- [WHAT IS EXPECTED] If a line in the records below contains "through", copy that line.

- [Stored items]
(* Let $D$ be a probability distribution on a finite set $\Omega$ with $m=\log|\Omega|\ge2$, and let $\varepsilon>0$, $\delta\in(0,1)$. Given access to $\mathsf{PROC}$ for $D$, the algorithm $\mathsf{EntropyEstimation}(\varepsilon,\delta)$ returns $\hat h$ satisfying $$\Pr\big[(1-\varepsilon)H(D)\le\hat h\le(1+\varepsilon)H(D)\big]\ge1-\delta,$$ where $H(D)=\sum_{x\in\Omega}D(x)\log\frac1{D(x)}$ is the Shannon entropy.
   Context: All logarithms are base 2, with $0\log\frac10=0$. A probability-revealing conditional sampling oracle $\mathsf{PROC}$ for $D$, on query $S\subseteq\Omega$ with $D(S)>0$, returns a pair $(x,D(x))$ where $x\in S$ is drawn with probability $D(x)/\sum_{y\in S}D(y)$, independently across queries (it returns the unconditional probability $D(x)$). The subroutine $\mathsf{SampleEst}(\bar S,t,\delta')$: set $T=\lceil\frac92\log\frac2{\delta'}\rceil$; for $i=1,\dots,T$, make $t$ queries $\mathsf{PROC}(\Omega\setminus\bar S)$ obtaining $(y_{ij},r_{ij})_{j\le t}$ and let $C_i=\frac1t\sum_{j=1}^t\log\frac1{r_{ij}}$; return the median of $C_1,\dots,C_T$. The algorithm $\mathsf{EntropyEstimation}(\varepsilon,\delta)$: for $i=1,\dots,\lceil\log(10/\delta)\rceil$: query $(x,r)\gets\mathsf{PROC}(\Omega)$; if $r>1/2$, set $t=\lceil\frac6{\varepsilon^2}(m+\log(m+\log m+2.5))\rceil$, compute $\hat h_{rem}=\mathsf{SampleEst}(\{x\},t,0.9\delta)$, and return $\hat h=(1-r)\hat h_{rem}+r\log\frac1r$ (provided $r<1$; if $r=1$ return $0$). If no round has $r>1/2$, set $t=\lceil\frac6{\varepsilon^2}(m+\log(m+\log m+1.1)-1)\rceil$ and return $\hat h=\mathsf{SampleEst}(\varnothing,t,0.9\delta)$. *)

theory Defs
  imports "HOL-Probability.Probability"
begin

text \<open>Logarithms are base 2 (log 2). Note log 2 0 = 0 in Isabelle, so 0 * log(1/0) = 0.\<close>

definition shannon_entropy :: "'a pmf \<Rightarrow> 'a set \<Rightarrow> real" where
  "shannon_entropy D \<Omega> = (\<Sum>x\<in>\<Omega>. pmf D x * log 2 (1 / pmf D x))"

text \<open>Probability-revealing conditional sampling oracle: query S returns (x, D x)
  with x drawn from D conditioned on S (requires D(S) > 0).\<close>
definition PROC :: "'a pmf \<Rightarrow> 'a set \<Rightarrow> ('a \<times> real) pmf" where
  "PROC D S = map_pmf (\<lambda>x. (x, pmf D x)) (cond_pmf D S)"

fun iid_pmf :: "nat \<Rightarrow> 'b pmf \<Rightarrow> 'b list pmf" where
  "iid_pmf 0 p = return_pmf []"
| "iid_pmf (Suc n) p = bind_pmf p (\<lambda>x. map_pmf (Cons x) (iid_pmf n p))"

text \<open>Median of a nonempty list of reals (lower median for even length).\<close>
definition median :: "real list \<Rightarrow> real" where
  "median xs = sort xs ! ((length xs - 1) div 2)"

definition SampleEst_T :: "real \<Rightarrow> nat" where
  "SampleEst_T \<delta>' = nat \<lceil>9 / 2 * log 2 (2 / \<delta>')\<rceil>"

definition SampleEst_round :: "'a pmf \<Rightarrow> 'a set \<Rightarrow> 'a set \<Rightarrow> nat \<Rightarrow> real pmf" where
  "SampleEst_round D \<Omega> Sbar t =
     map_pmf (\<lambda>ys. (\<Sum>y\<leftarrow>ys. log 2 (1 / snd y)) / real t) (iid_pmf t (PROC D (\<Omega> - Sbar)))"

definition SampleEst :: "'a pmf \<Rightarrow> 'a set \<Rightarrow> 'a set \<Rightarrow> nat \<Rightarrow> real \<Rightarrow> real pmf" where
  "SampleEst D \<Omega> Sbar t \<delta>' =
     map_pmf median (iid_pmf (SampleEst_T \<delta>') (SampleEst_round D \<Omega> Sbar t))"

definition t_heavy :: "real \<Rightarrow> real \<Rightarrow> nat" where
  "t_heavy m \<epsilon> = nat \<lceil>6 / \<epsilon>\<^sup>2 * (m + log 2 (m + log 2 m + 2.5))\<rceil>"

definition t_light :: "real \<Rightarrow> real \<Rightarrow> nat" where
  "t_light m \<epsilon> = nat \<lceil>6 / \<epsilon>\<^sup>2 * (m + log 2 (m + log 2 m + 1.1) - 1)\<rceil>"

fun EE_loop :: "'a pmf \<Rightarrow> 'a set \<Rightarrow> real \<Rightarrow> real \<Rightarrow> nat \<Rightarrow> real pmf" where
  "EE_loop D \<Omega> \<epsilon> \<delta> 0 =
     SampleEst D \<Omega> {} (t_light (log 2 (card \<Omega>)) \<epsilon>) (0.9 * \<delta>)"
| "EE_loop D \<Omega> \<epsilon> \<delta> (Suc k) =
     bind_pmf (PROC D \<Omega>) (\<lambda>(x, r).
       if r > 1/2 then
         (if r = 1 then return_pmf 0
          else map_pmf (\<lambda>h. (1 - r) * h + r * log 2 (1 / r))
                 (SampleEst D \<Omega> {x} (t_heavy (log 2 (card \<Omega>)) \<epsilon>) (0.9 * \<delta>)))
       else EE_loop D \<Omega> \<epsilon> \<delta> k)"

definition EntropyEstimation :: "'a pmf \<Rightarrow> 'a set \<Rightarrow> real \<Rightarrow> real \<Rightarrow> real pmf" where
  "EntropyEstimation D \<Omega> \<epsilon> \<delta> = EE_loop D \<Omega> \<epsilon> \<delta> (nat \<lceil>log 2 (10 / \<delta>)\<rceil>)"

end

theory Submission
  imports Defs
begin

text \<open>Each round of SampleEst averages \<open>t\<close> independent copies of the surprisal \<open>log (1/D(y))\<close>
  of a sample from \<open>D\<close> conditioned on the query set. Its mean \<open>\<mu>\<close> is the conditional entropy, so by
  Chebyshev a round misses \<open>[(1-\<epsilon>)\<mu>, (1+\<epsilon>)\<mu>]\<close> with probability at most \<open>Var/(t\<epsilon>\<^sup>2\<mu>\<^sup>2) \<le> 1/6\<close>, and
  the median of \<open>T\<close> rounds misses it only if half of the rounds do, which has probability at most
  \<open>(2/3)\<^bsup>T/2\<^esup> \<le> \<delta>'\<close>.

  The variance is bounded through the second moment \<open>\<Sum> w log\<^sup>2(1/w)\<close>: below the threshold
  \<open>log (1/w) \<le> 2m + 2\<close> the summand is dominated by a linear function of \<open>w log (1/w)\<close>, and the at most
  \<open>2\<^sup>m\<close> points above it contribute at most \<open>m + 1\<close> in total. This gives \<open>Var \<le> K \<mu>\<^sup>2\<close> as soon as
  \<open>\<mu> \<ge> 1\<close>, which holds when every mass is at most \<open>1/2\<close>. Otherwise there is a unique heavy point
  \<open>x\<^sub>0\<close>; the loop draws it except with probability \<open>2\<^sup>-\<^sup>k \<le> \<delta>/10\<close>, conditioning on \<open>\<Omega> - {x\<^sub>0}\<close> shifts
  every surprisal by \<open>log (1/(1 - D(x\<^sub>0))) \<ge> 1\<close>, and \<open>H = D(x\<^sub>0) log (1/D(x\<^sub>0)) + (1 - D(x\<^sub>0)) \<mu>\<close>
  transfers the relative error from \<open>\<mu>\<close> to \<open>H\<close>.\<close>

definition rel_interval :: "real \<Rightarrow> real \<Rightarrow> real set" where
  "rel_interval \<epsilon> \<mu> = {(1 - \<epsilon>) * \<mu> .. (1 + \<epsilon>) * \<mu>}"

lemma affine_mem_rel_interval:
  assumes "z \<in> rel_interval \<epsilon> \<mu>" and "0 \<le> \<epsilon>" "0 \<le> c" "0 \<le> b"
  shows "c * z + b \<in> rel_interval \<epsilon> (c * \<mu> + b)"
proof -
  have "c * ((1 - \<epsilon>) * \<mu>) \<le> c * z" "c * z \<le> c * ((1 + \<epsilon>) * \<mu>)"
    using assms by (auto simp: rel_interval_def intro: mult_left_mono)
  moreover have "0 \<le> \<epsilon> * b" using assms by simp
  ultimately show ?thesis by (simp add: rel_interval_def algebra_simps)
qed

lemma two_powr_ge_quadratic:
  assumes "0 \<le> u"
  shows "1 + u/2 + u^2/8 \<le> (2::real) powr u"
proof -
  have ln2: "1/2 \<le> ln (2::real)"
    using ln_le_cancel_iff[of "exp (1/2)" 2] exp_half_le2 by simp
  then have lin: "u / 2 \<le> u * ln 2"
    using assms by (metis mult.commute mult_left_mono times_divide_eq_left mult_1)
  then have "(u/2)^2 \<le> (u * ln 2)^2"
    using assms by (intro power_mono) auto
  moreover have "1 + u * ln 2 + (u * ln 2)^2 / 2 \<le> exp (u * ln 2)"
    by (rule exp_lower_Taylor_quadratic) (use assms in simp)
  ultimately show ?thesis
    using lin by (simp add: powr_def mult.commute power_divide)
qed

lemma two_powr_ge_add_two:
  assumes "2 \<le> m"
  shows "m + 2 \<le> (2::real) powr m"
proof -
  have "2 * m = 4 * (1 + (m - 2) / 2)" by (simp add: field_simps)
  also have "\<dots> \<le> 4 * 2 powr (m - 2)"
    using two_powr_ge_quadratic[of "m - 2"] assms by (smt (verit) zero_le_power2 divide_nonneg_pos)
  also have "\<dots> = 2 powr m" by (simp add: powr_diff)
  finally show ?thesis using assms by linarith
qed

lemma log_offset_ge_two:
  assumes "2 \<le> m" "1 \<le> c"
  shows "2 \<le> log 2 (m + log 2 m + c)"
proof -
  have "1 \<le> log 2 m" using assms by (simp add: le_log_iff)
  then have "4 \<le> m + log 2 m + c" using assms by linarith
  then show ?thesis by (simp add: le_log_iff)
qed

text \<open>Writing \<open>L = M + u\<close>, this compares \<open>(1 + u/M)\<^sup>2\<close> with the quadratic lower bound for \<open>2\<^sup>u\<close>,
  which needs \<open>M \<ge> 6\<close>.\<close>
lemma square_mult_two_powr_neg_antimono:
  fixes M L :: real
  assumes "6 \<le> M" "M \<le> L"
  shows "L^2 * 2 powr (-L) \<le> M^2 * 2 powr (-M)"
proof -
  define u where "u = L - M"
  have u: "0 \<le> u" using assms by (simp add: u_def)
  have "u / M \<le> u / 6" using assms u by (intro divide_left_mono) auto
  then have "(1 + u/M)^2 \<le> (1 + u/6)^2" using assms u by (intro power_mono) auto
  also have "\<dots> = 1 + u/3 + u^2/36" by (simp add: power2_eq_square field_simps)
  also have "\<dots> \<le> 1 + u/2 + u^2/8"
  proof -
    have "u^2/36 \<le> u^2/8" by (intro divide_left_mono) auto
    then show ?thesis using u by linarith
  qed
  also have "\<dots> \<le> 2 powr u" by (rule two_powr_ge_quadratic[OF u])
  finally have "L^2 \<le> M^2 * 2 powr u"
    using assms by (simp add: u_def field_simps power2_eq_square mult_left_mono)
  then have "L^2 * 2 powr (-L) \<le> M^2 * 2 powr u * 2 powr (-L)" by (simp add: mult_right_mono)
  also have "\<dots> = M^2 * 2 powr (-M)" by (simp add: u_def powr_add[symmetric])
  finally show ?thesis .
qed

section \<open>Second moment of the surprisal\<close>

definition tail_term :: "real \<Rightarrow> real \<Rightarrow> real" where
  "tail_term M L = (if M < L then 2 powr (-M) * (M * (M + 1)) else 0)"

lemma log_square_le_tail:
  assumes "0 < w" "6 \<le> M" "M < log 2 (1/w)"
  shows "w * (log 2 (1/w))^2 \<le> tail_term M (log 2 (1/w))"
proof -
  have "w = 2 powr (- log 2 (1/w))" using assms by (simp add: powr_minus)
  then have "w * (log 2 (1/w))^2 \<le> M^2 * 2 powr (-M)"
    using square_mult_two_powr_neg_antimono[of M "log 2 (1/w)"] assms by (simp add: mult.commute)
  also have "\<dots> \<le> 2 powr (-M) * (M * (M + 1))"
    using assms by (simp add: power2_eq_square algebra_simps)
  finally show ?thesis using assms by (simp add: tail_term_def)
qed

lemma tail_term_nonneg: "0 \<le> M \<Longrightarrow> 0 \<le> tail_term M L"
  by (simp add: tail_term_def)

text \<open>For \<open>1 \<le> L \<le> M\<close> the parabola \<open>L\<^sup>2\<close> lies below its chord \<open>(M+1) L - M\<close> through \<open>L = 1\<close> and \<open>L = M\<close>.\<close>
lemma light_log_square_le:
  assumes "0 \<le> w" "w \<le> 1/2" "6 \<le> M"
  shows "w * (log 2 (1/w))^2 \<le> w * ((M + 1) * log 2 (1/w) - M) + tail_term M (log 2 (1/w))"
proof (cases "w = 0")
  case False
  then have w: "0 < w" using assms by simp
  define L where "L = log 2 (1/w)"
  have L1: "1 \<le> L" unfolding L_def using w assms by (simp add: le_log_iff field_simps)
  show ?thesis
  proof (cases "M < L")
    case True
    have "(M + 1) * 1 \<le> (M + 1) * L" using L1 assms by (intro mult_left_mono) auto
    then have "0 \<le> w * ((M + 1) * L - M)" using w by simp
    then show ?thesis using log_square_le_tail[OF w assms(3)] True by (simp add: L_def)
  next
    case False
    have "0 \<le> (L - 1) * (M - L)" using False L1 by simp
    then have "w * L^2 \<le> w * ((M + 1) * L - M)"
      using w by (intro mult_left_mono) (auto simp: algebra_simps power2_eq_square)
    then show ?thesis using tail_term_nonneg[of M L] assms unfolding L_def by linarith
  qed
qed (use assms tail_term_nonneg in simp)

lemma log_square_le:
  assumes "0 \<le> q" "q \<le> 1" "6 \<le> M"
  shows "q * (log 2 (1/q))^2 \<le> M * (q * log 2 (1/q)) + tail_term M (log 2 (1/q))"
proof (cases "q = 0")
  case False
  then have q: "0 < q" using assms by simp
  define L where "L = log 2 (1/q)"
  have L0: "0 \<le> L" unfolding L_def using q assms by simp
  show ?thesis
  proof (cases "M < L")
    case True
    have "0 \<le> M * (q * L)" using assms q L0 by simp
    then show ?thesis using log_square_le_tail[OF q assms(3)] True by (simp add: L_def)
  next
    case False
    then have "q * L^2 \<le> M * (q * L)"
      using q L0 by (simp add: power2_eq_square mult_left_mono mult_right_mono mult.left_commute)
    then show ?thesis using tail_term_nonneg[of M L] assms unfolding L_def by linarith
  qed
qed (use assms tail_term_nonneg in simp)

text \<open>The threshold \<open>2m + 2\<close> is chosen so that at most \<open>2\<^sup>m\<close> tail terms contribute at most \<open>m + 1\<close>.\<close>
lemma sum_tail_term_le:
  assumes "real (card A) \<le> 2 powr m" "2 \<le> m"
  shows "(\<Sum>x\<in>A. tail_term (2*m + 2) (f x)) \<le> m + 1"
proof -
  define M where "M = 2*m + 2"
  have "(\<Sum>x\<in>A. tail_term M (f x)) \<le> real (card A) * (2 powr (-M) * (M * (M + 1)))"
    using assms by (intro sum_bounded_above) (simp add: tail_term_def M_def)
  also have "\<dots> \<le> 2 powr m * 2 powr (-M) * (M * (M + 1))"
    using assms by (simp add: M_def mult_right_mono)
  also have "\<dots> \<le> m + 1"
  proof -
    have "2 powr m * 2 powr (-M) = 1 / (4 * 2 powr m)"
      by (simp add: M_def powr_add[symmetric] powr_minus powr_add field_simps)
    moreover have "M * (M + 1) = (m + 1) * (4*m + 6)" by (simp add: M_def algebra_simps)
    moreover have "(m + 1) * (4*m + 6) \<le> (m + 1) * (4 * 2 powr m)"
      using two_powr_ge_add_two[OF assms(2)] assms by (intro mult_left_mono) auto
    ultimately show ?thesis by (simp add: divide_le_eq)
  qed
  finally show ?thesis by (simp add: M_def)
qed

- [EXERCISE ANSWER]
  The variance is bounded through the second moment \<open>\<Sum> w log\<^sup>2(1/w)\<close>: below the threshold
text \<open>For \<open>1 \<le> L \<le> M\<close> the parabola \<open>L\<^sup>2\<close> lies below its chord \<open>(M+1) L - M\<close> through \<open>L = 1\<close> and \<open>L = M\<close>.\<close>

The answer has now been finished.